The Monument Course at Troon North

Posted on: December 19th, 2011 by Peter Kessler No Comments

I’ve had a chance to play a good number of Tom Weiskopf tracks and every one is a sheer delight and not in a predictable way, which is good.  One of the special characteristics of Tom’s courses is that you get the sense you could shoot your best round ever on one of them.  Or your worst.  And like every other of his courses, Monument reminds that apart from the playing of the game,  a golf course can be a beautiful place to be.

The trouble is of course to your right and left, not in front of you, so if you keep your ball in front of you and hit some greens in regulation, you will have makable birdie putts.  Weiskopf believes in birdie putts, holeable birdie putts!

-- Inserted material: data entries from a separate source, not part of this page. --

text \<open>For a separable R the total sum (1, R 1) is a nonnegative combination of the
  total sums of the factors; if it vanishes, every product term has a factor with vanishing
  row sums, and these are exactly what the row sums of the partial transpose of R see.\<close>
lemma separable_pt_row_sums_vanish:
  assumes sep: "separable a b R"
    and total: "(\<Sum>u\<in>grid a b. \<Sum>v\<in>grid a b. R u v) = 0"
    and "i < a" "j < b"
  shows "(\<Sum>k<a. \<Sum>l<b. R (i, l) (k, j)) = 0"
proof -
  obtain N :: nat and p :: "nat \<Rightarrow> real" and A B :: "nat \<Rightarrow> nat \<Rightarrow> nat \<Rightarrow> complex"
    where p: "\<forall>t<N. p t \<ge> 0" and "sum p {..<N} = 1"
    and dm: "\<forall>t<N. density_matrix a (A t) \<and> density_matrix b (B t)"
    and dec: "\<forall>i<a. \<forall>j<b. \<forall>k<a. \<forall>l<b.
      R (i, j) (k, l) = (\<Sum>t<N. complex_of_real (p t) * A t i k * B t j l)"
    using sep unfolding separable_def by (elim exE conjE) (rule that; assumption)
  define rA where "rA t i = (\<Sum>k<a. A t i k)" for t i
  define cB where "cB t j = (\<Sum>l<b. B t l j)" for t j
  have pt_sum: "(\<Sum>k<a. \<Sum>l<b. R (i, l) (k, j)) = (\<Sum>t<N. of_real (p t) * rA t i * cB t j)"
    if "i < a" "j < b" for i j
  proof -
    have "(\<Sum>k<a. \<Sum>l<b. R (i, l) (k, j))
        = (\<Sum>k<a. \<Sum>l<b. \<Sum>t<N. of_real (p t) * A t i k * B t l j)"
      using dec that by simp
    then show ?thesis
      unfolding rA_def cB_def sum_product_terms .
  qed
  define \<alpha> where "\<alpha> t = (\<Sum>i<a. \<Sum>k<a. A t i k)" for t
  define \<beta> where "\<beta> t = (\<Sum>j<b. \<Sum>l<b. B t l j)" for t
  have "\<beta> t = (\<Sum>l<b. \<Sum>j<b. B t l j)" for t
    unfolding \<beta>_def by (rule sum.swap)
  then have \<alpha>: "Im (\<alpha> t) = 0" "Re (\<alpha> t) \<ge> 0"
    and \<beta>: "Im (\<beta> t) = 0" "Re (\<beta> t) \<ge> 0" if "t < N" for t
    using density_matrix_total_sum dm that unfolding \<alpha>_def by simp_all
  have "0 = (\<Sum>i<a. \<Sum>j<b. \<Sum>k<a. \<Sum>l<b. R (i, l) (k, j))"
    using total unfolding sum_grid_pairs by simp
  also have "\<dots> = (\<Sum>i<a. \<Sum>j<b. \<Sum>t<N. of_real (p t) * rA t i * cB t j)"
    using pt_sum by simp
  also have "\<dots> = (\<Sum>t<N. of_real (p t) * \<alpha> t * \<beta> t)"
    unfolding sum_product_terms \<alpha>_def \<beta>_def rA_def cB_def ..
  also have "\<dots> = (\<Sum>t<N. of_real (p t * Re (\<alpha> t) * Re (\<beta> t)))"
    by (rule sum.cong[OF refl]) (simp add: complex_eq_iff \<alpha>(1) \<beta>(1))
  finally have "(\<Sum>t<N. p t * Re (\<alpha> t) * Re (\<beta> t)) = 0"
    by (metis of_real_eq_0_iff of_real_sum)
  moreover have "p t * Re (\<alpha> t) * Re (\<beta> t) \<ge> 0" if "t < N" for t
    using p \<alpha>(2)[OF that] \<beta>(2)[OF that] that by simp
  ultimately have "p t * Re (\<alpha> t) * Re (\<beta> t) = 0" if "t < N" for t
    using sum_nonneg_eq_0_iff[of "{..<N}" "\<lambda>t. p t * Re (\<alpha> t) * Re (\<beta> t)"] that by blast
  then have factor_zero: "p t = 0 \<or> \<alpha> t = 0 \<or> \<beta> t = 0" if "t < N" for t
    using \<alpha>(1)[OF that] \<beta>(1)[OF that] that by (simp add: complex_eq_iff)
  have terms_vanish: "of_real (p t) * rA t i * cB t j = 0" if "t < N" for t
  proof (cases "p t = 0")
    case False
    then have "\<alpha> t * \<beta> t = 0"
      using factor_zero[OF that] by auto
    then have "rA t i * cB t j = 0"
      using density_matrix_product_sums_vanish dm that \<open>i < a\<close> \<open>j < b\<close>
      unfolding \<alpha>_def \<beta>_def rA_def cB_def by blast
    then show ?thesis
      by (simp add: mult.assoc)
  qed simp
  show ?thesis
    unfolding pt_sum[OF \<open>i < a\<close> \<open>j < b\<close>] using terms_vanish by (simp add: sum.neutral)
qed

theorem degree_criterion_if_separable:
  assumes g: "grid_graph a b E" and "E \<noteq> {}" and "separable a b (rho E)"
  shows "degree_criterion a b E"
proof -
  have m: "of_nat (2 * card E) \<noteq> (0::complex)"
    using grid_graph_finite[OF g] \<open>E \<noteq> {}\<close> by simp
  have "(\<Sum>u\<in>grid a b. \<Sum>v\<in>grid a b. rho E u v) = 0"
    using laplacian_row_sum[OF g] by (simp add: rho_def sum_divide_distrib[symmetric])
  then have "(\<Sum>k<a. \<Sum>l<b. rho E (i, l) (k, j)) = 0" if "(i, j) \<in> grid a b" for i j
    using separable_pt_row_sums_vanish \<open>separable a b (rho E)\<close> that unfolding grid_def by auto
  then have "(\<Sum>w\<in>grid a b. laplacian E (i, snd w) (fst w, j)) = 0" if "(i, j) \<in> grid a b" for i j
    using that m sum_grid[where f = "\<lambda>w. laplacian E (i, snd w) (fst w, j)" and a = a and b = b]
    by (simp add: rho_def sum_divide_distrib[symmetric])
  then show ?thesis
    unfolding degree_criterion_iff[OF g] using laplacian_pt_row_sum[OF g] by force
qed

section \<open>The cone of product operators\<close>

definition product_term :: "real \<Rightarrow> (nat \<Rightarrow> complex) \<Rightarrow> (nat \<Rightarrow> complex) \<Rightarrow> vert \<Rightarrow> vert \<Rightarrow> complex"
  where "product_term c u w p q = of_real c * (u (fst p) * w (snd p)) * cnj (u (fst q) * w (snd q))"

And he believes in greens that are open in front and give you a chance to run your ball up or face chips that present fascinating problems, all of them resolvable.  And he believes in drivable par 4’s.

Now drivable par 4’s means drivable if you are very long and very straight.  If you are a 240 hitter then you lay up to the fattest portion of the fairway possible to be sure of a pitch of the easiest variety in theory, but short pitches can be treacherous if you misjudge distance or trajectory.

Playing the Monument Course with it’s generous scoring nature, I’m reminded of what legendary designer AW Tillinghast said about a course that no one had broken par on.  “What’s wrong with it?” he asked.

In the case of The Monument Course at Troon North, nothing.  Nothing at all.